What the task requires: Pull every line with the word "close" out of the entries below.
──────── Data provided ────────
(* Let $U:\mathbb{C}^*\to\mathbb{C}$ be a reasonable expansion with unique restrictions between locally small categories, and assume that all morphisms in $\mathbb{C}$ are monomorphisms. Then for every $A\in\mathrm{Ob}(\mathbb{C})$, $$t_{\mathbb{C}}(A)\le\sum_{\mathcal{A}\in U^{-1}(A)}t_{\mathbb{C}^*}(\mathcal{A}).$$ Consequently, if $U^{-1}(A)$ is finite and $t_{\mathbb{C}^*}(\mathcal{A})<\infty$ for all $\mathcal{A}\in U^{-1}(A)$, then $t_{\mathbb{C}}(A)<\infty$.
   Context: An expansion of $\mathbb{C}$ is a category $\mathbb{C}^*$ with a functor $U:\mathbb{C}^*\to\mathbb{C}$ surjective on objects and injective on hom-sets; we regard $\hom_{\mathbb{C}^*}(\mathcal{A},\mathcal{B})\subseteq\hom_{\mathbb{C}}(U\mathcal{A},U\mathcal{B})$, and $U^{-1}(A)=\{\mathcal{A}:U(\mathcal{A})=A\}$. $U$ is reasonable if for every $e\in\hom(A,B)$ and $\mathcal{A}\in U^{-1}(A)$ there is $\mathcal{B}\in U^{-1}(B)$ with $e\in\hom(\mathcal{A},\mathcal{B})$; it has unique restrictions if for every $\mathcal{B}\in\mathrm{Ob}(\mathbb{C}^* )$ and $e\in\hom(A,U(\mathcal{B}))$ there is exactly one $\mathcal{A}\in U^{-1}(A)$ with $e\in\hom(\mathcal{A},\mathcal{B})$. In a category $\mathbb{D}$: $C\to(B)^A_{k,t}$ means that for every $\chi:\hom(A,C)\to\{0,\dots,k-1\}$ there is $w\in\hom(B,C)$ with $|\chi(w\cdot\hom(A,B))|\le t$; $t_{\mathbb{D}}(A)$ is the least positive $n$ such that for all $k\ge2$ and all $B$ there is $C$ with $C\to(B)^A_{k,n}$, and $\infty$ otherwise. A sum with an infinite term or infinitely many terms is $\infty$. *)

theory Defs
  imports Main "HOL-Library.Extended_Nat"
begin

text \<open>A (locally small) category, with objects of type 'o and morphisms of type 'm.
  Hom sets are indexed by pairs of objects (they need not be disjoint as sets of
  'm-values); comp g f is "g after f".\<close>
record ('o, 'm) cat =
  Ob :: "'o set"
  Hom :: "'o \<Rightarrow> 'o \<Rightarrow> 'm set"
  comp :: "'m \<Rightarrow> 'm \<Rightarrow> 'm"
  ident :: "'o \<Rightarrow> 'm"

definition category :: "('o, 'm) cat \<Rightarrow> bool" where
  "category C \<longleftrightarrow>
     (\<forall>A\<in>Ob C. ident C A \<in> Hom C A A) \<and>
     (\<forall>A\<in>Ob C. \<forall>B\<in>Ob C. \<forall>D\<in>Ob C. \<forall>f\<in>Hom C A B. \<forall>g\<in>Hom C B D.
        comp C g f \<in> Hom C A D) \<and>
     (\<forall>A\<in>Ob C. \<forall>B\<in>Ob C. \<forall>D\<in>Ob C. \<forall>E\<in>Ob C.
        \<forall>f\<in>Hom C A B. \<forall>g\<in>Hom C B D. \<forall>h\<in>Hom C D E.
        comp C h (comp C g f) = comp C (comp C h g) f) \<and>
     (\<forall>A\<in>Ob C. \<forall>B\<in>Ob C. \<forall>f\<in>Hom C A B.
        comp C (ident C B) f = f \<and> comp C f (ident C A) = f)"

definition all_mono :: "('o, 'm) cat \<Rightarrow> bool" where
  "all_mono C \<longleftrightarrow>
     (\<forall>A\<in>Ob C. \<forall>B\<in>Ob C. \<forall>D\<in>Ob C. \<forall>f\<in>Hom C B D. \<forall>g\<in>Hom C A B. \<forall>h\<in>Hom C A B.
        comp C f g = comp C f h \<longrightarrow> g = h)"

text \<open>Expansion: U is surjective on objects; following the paper's convention
  hom_{C*}(A*,B*) is a subset of hom_C(U A*, U B*) (so U is the inclusion on
  morphisms, hence injective on hom sets), and U preserves composition and identities.\<close>
definition expansion :: "('o, 'm) cat \<Rightarrow> ('p, 'm) cat \<Rightarrow> ('p \<Rightarrow> 'o) \<Rightarrow> bool" where
  "expansion C Cs U \<longleftrightarrow>
     category C \<and> category Cs \<and> U ` Ob Cs = Ob C \<and>
     (\<forall>A\<in>Ob Cs. \<forall>B\<in>Ob Cs. Hom Cs A B \<subseteq> Hom C (U A) (U B)) \<and>
     (\<forall>A\<in>Ob Cs. ident Cs A = ident C (U A)) \<and>
     (\<forall>A\<in>Ob Cs. \<forall>B\<in>Ob Cs. \<forall>D\<in>Ob Cs. \<forall>f\<in>Hom Cs A B. \<forall>g\<in>Hom Cs B D.
        comp Cs g f = comp C g f)"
────────
Solution to the problem:
  'm-values); comp g f is "g after f".\<close>
  morphisms, hence injective on hom sets), and U preserves composition and identities.\<close>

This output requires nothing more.